Kimler Şikayette Bulunabilir?
Şikayette bulunan kişinin takipten bir hukuki yararı bulunmaktadır. Buna göre alacaklı, borçlu veya takipten etkilenecek 3. Kişinin şikayet yoluna başvurabilmesi mümkündür. Bahsi geçen 3. Kişiler de işlemin iptalinden veyahut değiştirilmesinden hukuki yarar sağlayan kimselerdir.

Şikayet Halinde İcra Mahkemesinin Yargılama Usulü

Şikayet ivedi işlerdendir ve bu nedenle de basit yargılama usulüne tabiidir.

İİK madde 18/3 -Aksine hüküm bulunmayan hâllerde icra
mahkemesi, şikâyet konusu işlemi yapan icra dairesinin açıklama yapmasına ve duruşma
yapılmasına gerek olup olmadığını takdir eder; duruşma yapılmasını uygun gördüğü takdirde ilgilileri en kısa zamanda duruşmaya çağırır ve gelmeseler bile gereken kararı verir. Duruşma yapılmayan işlerde icra mahkemesi, işin kendisine geldiği tarihten itibaren en geç on gün içinde kararını verir. Duruşmalar, ancak zorunluluk hâlinde ve otuz günü geçmemek üzere ertelenebilir. Kanun maddesinden de anlaşılacağı üzere mahkemenin duruşmalı veya duruşmasız şekilde karar verme yetkisi bulunmaktadır. Gerek görülmediği takdirde dosya üzerinden de yargılama yapılabilir. Şikayet olunanın yokluğunda da karar verilebilmesi mümkündür.

Şikayet Üzerine Yapılacak Muameleler

İİK Madde 17 – Şikayet icra mahkemesince, kabul edilirse şikayet olunan muamele ya
bozulur, yahut düzeltilir. Memurun sebepsiz yapmadığı veya geciktirdiği işlerin icrası emrolunur. Mahkemenin şikayeti kabul ettiği durumlarda şikayet konusu bozulur ya da düzeltilir ayrıca yapılmayan işlerin de yapılması emrolunur.

İcra Müdürü Kararından Dönebilir mi ?

İcra müdürünün şikayet süresi içerisinde kararından dönmesi mümkündür
Yargıtay 12. Hukuk Dairesinin 2019/5556
Dava, icra memurunun muamelesini şikayete ilişkindir.

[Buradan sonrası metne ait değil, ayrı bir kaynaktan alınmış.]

lemma coord_k_outside_F:
  assumes "x \<in> \<tau> - F"
  shows "x$k = 1"
proof -
  have "x$k \<noteq> 0"
    using coord_k_zero_imp_mem_F assms by blast
  then have "\<not> affine_dependent (insert x F)"
    using affine_independent_insert_coordinate[OF F_indep] F_coord_k by blast
  moreover have "card (insert x F) = 4"
    using assms card_F finite_subset[OF F_subset finite_\<tau>] by simp
  moreover have "insert x F \<subseteq> \<tau>"
    using assms F_subset by blast
  ultimately obtain i y where y: "y \<in> insert x F" "y$i = 1"
    and zero: "\<forall>z\<in>insert x F. z \<noteq> y \<longrightarrow> z$i = 0"
    using B_simplex_subsetE by metis
  obtain s t where "s \<in> F" "t \<in> F" "s \<noteq> t" "s \<noteq> y" "t \<noteq> y"
    using F_distinct_pair_avoiding .
  then have "i = k"
    using zero F_common_zero_coord by blast
  then have "y = x"
    using y F_coord_k by auto
  then show ?thesis
    using y \<open>i = k\<close> by simp
qed

lemma outside_F_nonempty: "\<tau> - F \<noteq> {}"
  using aff_dim_\<tau> aff_dim_affine_independent[OF F_indep] card_F F_subset by auto

lemma outside_eq_if_two_zero_coords:
  assumes "v \<in> \<tau> - F" "w \<in> \<tau> - F" "distinct [i, j, k]"
    and "v$i = 0" "v$j = 0" "w$i = 0" "w$j = 0"
  shows "v = w"
proof -
  obtain m where m: "distinct [i, j, k, m]"
    using obtain_fourth_index[OF assms(3)] .
  have vw_k: "v$k = 1" "w$k = 1"
    using coord_k_outside_F assms(1,2) by simp_all
  then have "a$m * v$m + a$k = b" "a$m * w$m + a$k = b"
    using on_hyperplane[of v] on_hyperplane[of w] assms
    unfolding inner_vec_def sum_UNIV_4_distinct[OF m] by simp_all
  then have "a$m * v$m = a$m * w$m"
    by linarith
  then have "v$m = w$m"
    using a_pos[of m] by simp
  have "v$l = w$l" for l
  proof -
    have "l \<in> {i, j, k, m}"
      using UNIV_4_eq[OF m] by blast
    then show ?thesis
      using \<open>v$m = w$m\<close> assms vw_k by auto
  qed
  then show ?thesis
    by (simp add: vec_eq_iff)
qed

lemma affine_dependent_imp_parallel:
  assumes "s \<in> F" "t \<in> F" "v \<in> \<tau> - F" "w \<in> \<tau> - F" "affine_dependent {s, t, v, w}"
  shows "\<exists>\<alpha>. w - v = \<alpha> *\<^sub>R (s - t)"
proof -
  have "\<not> affine_dependent (insert v {s, t})"
    using affine_independent_insert_coordinate[OF affine_independent_2, where i = k and c = 0]
      assms F_coord_k coord_k_outside_F by simp
  moreover have "affine_dependent (insert w (insert v {s, t}))"
    using assms(5) by (simp add: insert_commute)
  ultimately have "w \<in> affine hull {v, s, t}"
    using affine_independent_insert by (metis insert_commute)
  then obtain c1 c2 c3 where c: "c1 + c2 + c3 = 1" "w = c1 *\<^sub>R v + c2 *\<^sub>R s + c3 *\<^sub>R t"
    unfolding affine_hull_3 by blast
  then have "w$k = c1 * v$k + c2 * s$k + c3 * t$k"
    by simp
  then have "c1 = 1"
    using assms F_coord_k coord_k_outside_F by simp
  then have "c3 = - c2"
    using c(1) by simp
  then have "w - v = c2 *\<^sub>R (s - t)"
    using c(2) \<open>c1 = 1\<close> by (simp add: algebra_simps)
  then show ?thesis ..
qed

lemma affine_independent_other_edge_simplex:
  assumes "F = {s, t, r}" "v \<in> \<tau> - F" "w \<in> \<tau> - F" "v \<noteq> w"
    and "affine_dependent {s, t, v, w}"
  shows "\<not> affine_dependent {s, r, v, w}"
proof
  assume "affine_dependent {s, r, v, w}"
  obtain \<alpha> \<beta> where \<alpha>: "w - v = \<alpha> *\<^sub>R (s - t)" and \<beta>: "w - v = \<beta> *\<^sub>R (s - r)"
    using affine_dependent_imp_parallel assms \<open>affine_dependent {s, r, v, w}\<close> by (metis insertCI)
  have "\<beta> \<noteq> 0"
    using \<beta> assms(4) by auto
  then have "r = (1 - \<alpha> / \<beta>) *\<^sub>R s + (\<alpha> / \<beta>) *\<^sub>R t"
    using \<alpha> \<beta> by (simp add: vec_eq_iff field_simps)
  then have "r \<in> affine hull {s, t}"
    unfolding affine_hull_2 by force
  moreover have "F - {r} = {s, t}" "r \<in> F"
    using assms(1) card_F by (auto simp: card_insert_if split: if_splits)
  ultimately show False
    using F_indep unfolding affine_dependent_def by metis
qed

lemma independent_edge_simplex_zero_coord:
  assumes "s \<in> F" "t \<in> F" "s \<noteq> t" "v \<in> \<tau> - F" "w \<in> \<tau> - F" "v \<noteq> w"
    and "\<not> affine_dependent {s, t, v, w}"
  obtains i where "i \<noteq> k" "v$i = 0" "w$i = 0" "{s$i, t$i} = {0, 1}"
proof -
  have k: "s$k = 0" "t$k = 0" "v$k = 1" "w$k = 1"
    using assms F_coord_k coord_k_outside_F by simp_all
  then have "s \<noteq> v" "s \<noteq> w" "t \<noteq> v" "t \<noteq> w"
    by auto
  then have "card {s, t, v, w} = 4"
    using assms(3,6) by simp
  moreover have "{s, t, v, w} \<subseteq> \<tau>"
    using assms F_subset by blast
  ultimately obtain i y where y: "y \<in> {s, t, v, w}" "y$i = 1"
    and zero: "\<forall>x\<in>{s, t, v, w}. x \<noteq> y \<longrightarrow> x$i = 0"
    using B_simplex_subsetE assms(7) by metis
  have "i \<noteq> k"
  proof
    assume "i = k"
    then have "v = y" "w = y"
      using zero k by auto
    then show False
      using assms(6) by simp
  qed
  have "y \<in> {s, t}"
  proof (rule ccontr)
    assume "y \<notin> {s, t}"
    then have "s$i = 0" "t$i = 0"
      using zero by auto
    then show False
      using F_common_zero_coord[OF \<open>i \<noteq> k\<close> assms(1,2)] assms(3) by simp
  qed
  then have "v$i = 0" "w$i = 0" "{s$i, t$i} = {0, 1}"
    using zero y \<open>s \<noteq> v\<close> \<open>s \<noteq> w\<close> \<open>t \<noteq> v\<close> \<open>t \<noteq> w\<close> assms(3)
    by (auto simp: insert_commute)
  then show ?thesis
    using that \<open>i \<noteq> k\<close> by blast
qed

definition marks :: "4 \<Rightarrow> real^4 \<Rightarrow> bool" where
  "marks i z \<longleftrightarrow> i \<noteq> k \<and> z \<in> F \<and> (\<forall>x\<in>F. x$i = (if x = z then 0 else 1))"

lemma marks_unique_coord: "marks i z \<Longrightarrow> marks j z \<Longrightarrow> i = j"
  using F_two_zero_coords by (auto simp: marks_def)
(* Let $d\ge3$ and $p\colon S^{d-1}\to(0,\infty)$ Borel measurable with $\int_{S^{d-1}}p\,d\sigma_{d-1}\in(0,\infty)$. For $x\in S^{d-1}$ and $t\in(0,\|p\|_\infty)$ define $V(x,t):=\{v\in S^{d-2}_x:\lambda_1(L(x,v,t))>0\}$. Then for $\sigma_{d-1}$-almost every $x\in S^{d-1}$, $$\frac1{p(x)}\,\lambda_1\Big(\Big\{t\in(0,p(x)) : \tfrac{1}{\omega_{d-2}}\mu_x(V(x,t))=1\Big\}\Big)=1.$$
   Context: $S^{d-1}$ is the unit sphere in $\mathbb R^d$, $\sigma_{d-1}$ its volume measure, $\omega_{d-2}=\sigma_{d-2}(S^{d-2})$. $\|p\|_\infty$ is the $\sigma_{d-1}$-essential supremum of $p$ (possibly $+\infty$). For $x\in S^{d-1}$: $S^{d-2}_x:=\{v\in S^{d-1}:\langle v,x\rangle=0\}$ with natural volume measure $\mu_x$ (image of $\sigma_{d-2}$ under a linear isometry of $\mathbb R^{d-1}$ onto $x^\perp$; total mass $\omega_{d-2}$). $\gamma_{(x,v)}(\theta):=\cos(\theta)x+\sin(\theta)v$, $L(x,v,t):=\{\theta\in[0,2\pi):p(\gamma_{(x,v)}(\theta))>t\}$, and $\lambda_1$ is Lebesgue measure on $\mathbb R$. *)

theory Defs
  imports "HOL-Probability.Probability"
begin

text \<open>Surface (volume) measure on the unit sphere of a Euclidean space, defined as the
  cone measure: sigma(A) = DIM * lambda_d({r y | 0 < r <= 1, y in A}).\<close>
definition sphere_measure :: "'a::euclidean_space measure" where
  "sphere_measure =
     scale_measure (of_nat DIM('a))
       (distr (restrict_space lborel (cball 0 1 - {0}))
              (restrict_space borel (sphere 0 1))
              (\<lambda>z. z /\<^sub>R norm z))"

definition sphere_volume :: "'a::euclidean_space itself \<Rightarrow> real" where
  "sphere_volume _ = measure (sphere_measure :: 'a measure) (sphere 0 1)"

definition perp_isometry :: "'n::euclidean_space \<Rightarrow> 'm::euclidean_space \<Rightarrow> 'n" where
  "perp_isometry x = (SOME f. linear f \<and> (\<forall>v. norm (f v) = norm v)
                                \<and> range f = {v. x \<bullet> v = 0})"

definition perp_sphere_measure :: "'m::euclidean_space itself \<Rightarrow> 'n::euclidean_space \<Rightarrow> 'n measure" where
  "perp_sphere_measure _ x =
     distr (sphere_measure :: 'm measure) borel (perp_isometry x :: 'm \<Rightarrow> 'n)"

definition great_circle :: "'n::real_normed_vector \<Rightarrow> 'n \<Rightarrow> real \<Rightarrow> 'n" where
  "great_circle x v \<theta> = cos \<theta> *\<^sub>R x + sin \<theta> *\<^sub>R v"

definition Lset :: "('n::real_normed_vector \<Rightarrow> real) \<Rightarrow> 'n \<Rightarrow> 'n \<Rightarrow> real \<Rightarrow> real set" where
  "Lset p x v t = {\<theta> \<in> {0..<2*pi}. p (great_circle x v \<theta>) > t}"

definition Vset :: "('n::euclidean_space \<Rightarrow> real) \<Rightarrow> 'n \<Rightarrow> real \<Rightarrow> 'n set" where
  "Vset p x t = {v \<in> sphere 0 1. x \<bullet> v = 0 \<and> emeasure lborel (Lset p x v t) > 0}"

end

theory Submission
  imports Defs
begin

text \<open>
  Fix t and let K be the cone over the superlevel set {p > t} of the sphere. Call y and z
  plane-null if the plane they span meets K in a set of planar measure zero. For y \<noteq> 0, a
  point z \<in> K plane-null with y lies on a line parallel to y that meets K in a null set, so by
  Fubini over the hyperplane orthogonal to y almost no z \<in> K is plane-null with y. The relation
  is symmetric, so Fubini on R^d \<times> R^d shows that for almost every y \<in> K the points plane-null
  with y form a null set; by dilation invariance the same holds for almost every direction x
  with p x > t, and, taking t rational, for all such t at once. For such x and t < t' < p x,
  a further Fubini argument in the orthogonal complement of x shows that for almost every unit
  v \<perp> x the plane spanned by x and v meets the cone over {p > t'} in positive measure. In polar
  coordinates this says that the great circle through x and v spends positive time in
  {p > t'}, hence v \<in> V(x,t), and so mu_x(V(x,t)) = omega_(d-2) for every t < p x.
\<close>

lemma negligible_if_null_sets_lborel: "S \<in> null_sets lborel \<Longrightarrow> negligible S"
  by (simp add: negligible_iff_null_sets null_sets_completionI)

Olayda, alacaklının emekli ikramiyesinin haczine ilişkin talebinin kabulüne karar verildikten sonra, 07.4.2017 tarihli kararla, alacaklının, borçlunun emekli ikramiyesinin haczine yönelik bir talebinin bulunmadığı belirtilerek şikayete konu kararın verilmesi, icra müdürlüğünün kendi kararından kendiliğinden dönemeyeceği ilkesine aykırıdır şeklinde bir hüküm vermiştir.

Şikayet Süresi
Yazımızda daha önce de belirttiğimiz üzere icra memur muamelesi şikayet süresi eylemin çğrenildiği tarihten itibaren 7 gündür. Lakin birtakım istisnaları bulunmaktadır.

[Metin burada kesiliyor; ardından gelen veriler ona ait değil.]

lemma kclass_hom: "group_hom (EN n) (KN n) (kclass n)"
  unfolding Kn_def kclass_def[abs_def] using normal.group_hom_rcos_Mod[OF Fn_normal] .

lemma Kn_carrier: "carrier (KN n) = kclass n ` carrier (EN n)"
  by (simp add: Kn_def carrier_FactGroup kclass_def[abs_def])

lemma kclass_closed: "x \<in> carrier (EN n) \<Longrightarrow> kclass n x \<in> carrier (KN n)"
  by (simp add: Kn_carrier)

lemma kclass_eq_iff:
  "x \<in> carrier (EN n) \<Longrightarrow> y \<in> carrier (EN n) \<Longrightarrow>
   kclass n x = kclass n y \<longleftrightarrow> x \<otimes>\<^bsub>EN n\<^esub> inv\<^bsub>EN n\<^esub> y \<in> FN n"
  unfolding kclass_def by (rule group.rcos_eq_iff[OF En_group Fn_subgroup])

lemma kclass_eq_one_iff:
  assumes "z \<in> ZN n"
  shows "kclass n z = \<one>\<^bsub>KN n\<^esub> \<longleftrightarrow> coord_prod n z = \<one>"
proof -
  interpret kclass: group_hom "EN n" "KN n" "kclass n"
    by (rule kclass_hom)
  have "kclass n z = \<one>\<^bsub>KN n\<^esub> \<longleftrightarrow> z \<in> FN n"
    using kclass_eq_iff[of z n "\<one>\<^bsub>EN n\<^esub>"] Zn_closed[OF assms] by simp
  then show ?thesis
    using assms by (simp add: Fn_def coord_prod_def)
qed

lemma Ln_carrier: "carrier (LN n) = kclass n ` ZN n"
  by (simp add: Ln_def carrier_FactGroup kclass_def[abs_def])

lemma Ln_subgroup: "subgroup (carrier (LN n)) (KN n)"
  unfolding Ln_carrier by (rule group_hom.subgroup_img_is_subgroup[OF kclass_hom Zn_subgroup])

lemma kclass_mem_Ln_iff:
  assumes x: "x \<in> carrier (EN n)"
  shows "kclass n x \<in> carrier (LN n) \<longleftrightarrow> x \<in> ZN n"
proof
  interpret EN: group "EN n"
    by (rule En_group)
  assume "kclass n x \<in> carrier (LN n)"
  then obtain z where z: "z \<in> ZN n" "kclass n x = kclass n z"
    by (auto simp: Ln_carrier)
  then have "x \<otimes>\<^bsub>EN n\<^esub> inv\<^bsub>EN n\<^esub> z \<in> ZN n"
    using kclass_eq_iff[OF x Zn_closed] by (auto simp: Fn_def)
  then have "x \<otimes>\<^bsub>EN n\<^esub> inv\<^bsub>EN n\<^esub> z \<otimes>\<^bsub>EN n\<^esub> z \<in> ZN n"
    using z subgroup.m_closed[OF Zn_subgroup] by blast
  moreover have "x \<otimes>\<^bsub>EN n\<^esub> inv\<^bsub>EN n\<^esub> z \<otimes>\<^bsub>EN n\<^esub> z = x"
    using x Zn_closed[OF z(1)] by (simp add: EN.m_assoc)
  ultimately show "x \<in> ZN n"
    by simp
qed (simp add: Ln_carrier)
(* Let $t\in[1,2]$, $\rho_1=\frac{\|p_{\le A}\|_r^{r/t}}{\sqrt n\,\|p_{\le I}\|_r^{r/4}}$ (set to $0$ if $A=-\infty$) and $\rho_2=\frac{\|p_{>I}\|_1^{\frac{2-t}{t}}}{n^{\frac{2t-2}{t}}}$. Then $$\rho_1+\rho_2+\frac1n\asymp_\eta\sqrt{\frac{\|p_{\le I}\|_r}{n}}+\rho_2+\frac1n.$$
   Context: $p\in[0,1]^N$ with $p_1\ge\dots\ge p_N$ and $\max_jp_j\le1/2$; $n\ge2$; $\eta\in(0,1)$. $\|x\|_s=(\sum_j|x_j|^s)^{1/s}$; $r=\frac{2t}{4-t}$, $b=\frac{4-2t}{4-t}$; $x_{\le u}=(x_1,\dots,x_u,0,\dots,0)$, $x_{>u}=(0,\dots,0,x_{u+1},\dots,x_N)$. $I=\min\{J\in\{0,\dots,N\}:\sum_{i>J}p_i^2\le c_I/n^2\}$; $A=\max\{a\in\{1,\dots,I\}:p_a^{b/2}\ge c_A/(\sqrt n(\sum_{i\le I}p_i^r)^{1/4})\}$ with $\max\emptyset=-\infty$ and $x_{\le-\infty}=0$; $c_I,c_A>0$ are small constants depending only on $\eta$. $\asymp_\eta$ means equality up to multiplicative constants depending only on $\eta$. *)

theory Defs
  imports Complex_Main
begin

text \<open>Vectors x in R^N are represented as functions nat => real, indices 1..N.\<close>

definition lnorm :: "nat \<Rightarrow> real \<Rightarrow> (nat \<Rightarrow> real) \<Rightarrow> real" where
  "lnorm N s x = (\<Sum>j=1..N. \<bar>x j\<bar> powr s) powr (1 / s)"

definition trunc_le :: "nat \<Rightarrow> (nat \<Rightarrow> real) \<Rightarrow> nat \<Rightarrow> real" where
  "trunc_le u x = (\<lambda>j. if j \<le> u then x j else 0)"

definition trunc_gt :: "nat \<Rightarrow> (nat \<Rightarrow> real) \<Rightarrow> nat \<Rightarrow> real" where
  "trunc_gt u x = (\<lambda>j. if u < j then x j else 0)"

definition r_exp :: "real \<Rightarrow> real" where
  "r_exp t = 2 * t / (4 - t)"

definition b_exp :: "real \<Rightarrow> real" where
  "b_exp t = (4 - 2 * t) / (4 - t)"

text \<open>Real power with the convention 0^0 = 1.\<close>
definition pw :: "real \<Rightarrow> real \<Rightarrow> real" where
  "pw x e = (if e = 0 then 1 else x powr e)"

definition Iidx :: "nat \<Rightarrow> nat \<Rightarrow> real \<Rightarrow> (nat \<Rightarrow> real) \<Rightarrow> nat" where
  "Iidx N n cI p = (LEAST J. J \<le> N \<and> (\<Sum>i\<in>{J<..N}. (p i)\<^sup>2) \<le> cI / (real n)\<^sup>2)"

text \<open>The set whose maximum is A (A = -infinity iff this set is empty).\<close>
definition Aset :: "nat \<Rightarrow> nat \<Rightarrow> real \<Rightarrow> real \<Rightarrow> real \<Rightarrow> (nat \<Rightarrow> real) \<Rightarrow> nat set" where
  "Aset N n cI cA t p =
     (let I = Iidx N n cI p; r = r_exp t; b = b_exp t in
      {a \<in> {1..I}. p a powr (b / 2) \<ge>
         cA / (sqrt (real n) * (\<Sum>i=1..I. p i powr r) powr (1/4))})"

definition rho1 :: "nat \<Rightarrow> nat \<Rightarrow> real \<Rightarrow> real \<Rightarrow> real \<Rightarrow> (nat \<Rightarrow> real) \<Rightarrow> real" where
  "rho1 N n cI cA t p =
     (let I = Iidx N n cI p; r = r_exp t; As = Aset N n cI cA t p in
      if As = {} then 0
      else lnorm N r (trunc_le (Max As) p) powr (r / t)
           / (sqrt (real n) * lnorm N r (trunc_le I p) powr (r / 4)))"

definition rho2 :: "nat \<Rightarrow> nat \<Rightarrow> real \<Rightarrow> real \<Rightarrow> (nat \<Rightarrow> real) \<Rightarrow> real" where
  "rho2 N n cI t p =
     (let I = Iidx N n cI p in
      pw (lnorm N 1 (trunc_gt I p)) ((2 - t) / t) / real n powr ((2 * t - 2) / t))"

end

theory Submission
  imports Defs
begin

1-Hakkın yerine getirilmemesi veya sürüncemede bırakılması durumunda şikayet herhangi bir süreye tabii değildir şikayet istenildiği zaman yapılabilir.

2- Kamu düzenine aykırı işlemler için de herhangi bir süre söz konusu değildir ve her zaman şikayette bulunulabilir.
Süre işlemin tebliğinden itibaren değil öğrenilmesinden sonra başlar, dolayısıyla misalen uyap portal üzerinden şikayet edilmek istenen bir icra işlemi söz konusu olduğunda 7 günlük sürenin bu sistemden görülmesinden itibaren başlayacaktır.

T.C. YARGITAY 12. HUKUK DAİRESİ E. 2011/11811 K. 2011/30041 T. 22.12.2011

“İcra memurunun işleminin yasaya veya olaya uygun bulunmaması nedeniyle icra mahkemesine başvurularak şikayet yolu ile kaldırılmasının istenmesi kural olarak 7 günlük süreye tabidir. Şikayet süresi, şikayet konusu işlemin öğrenildiği günden başlar(İİK.nun 16/1). Bu kuralın iki önemli istisnası vardır:

1-Bir hakkın yerine getirilmemesinden veya sebepsiz sürüncemede bırakılmasından dolayı her zaman şikayet olunabilir(m.16/2). Bu hükmün amacı, ilgilileri icra memurunun bir hakkı yerine getirmekten kaçınmasına karşı korumaktır.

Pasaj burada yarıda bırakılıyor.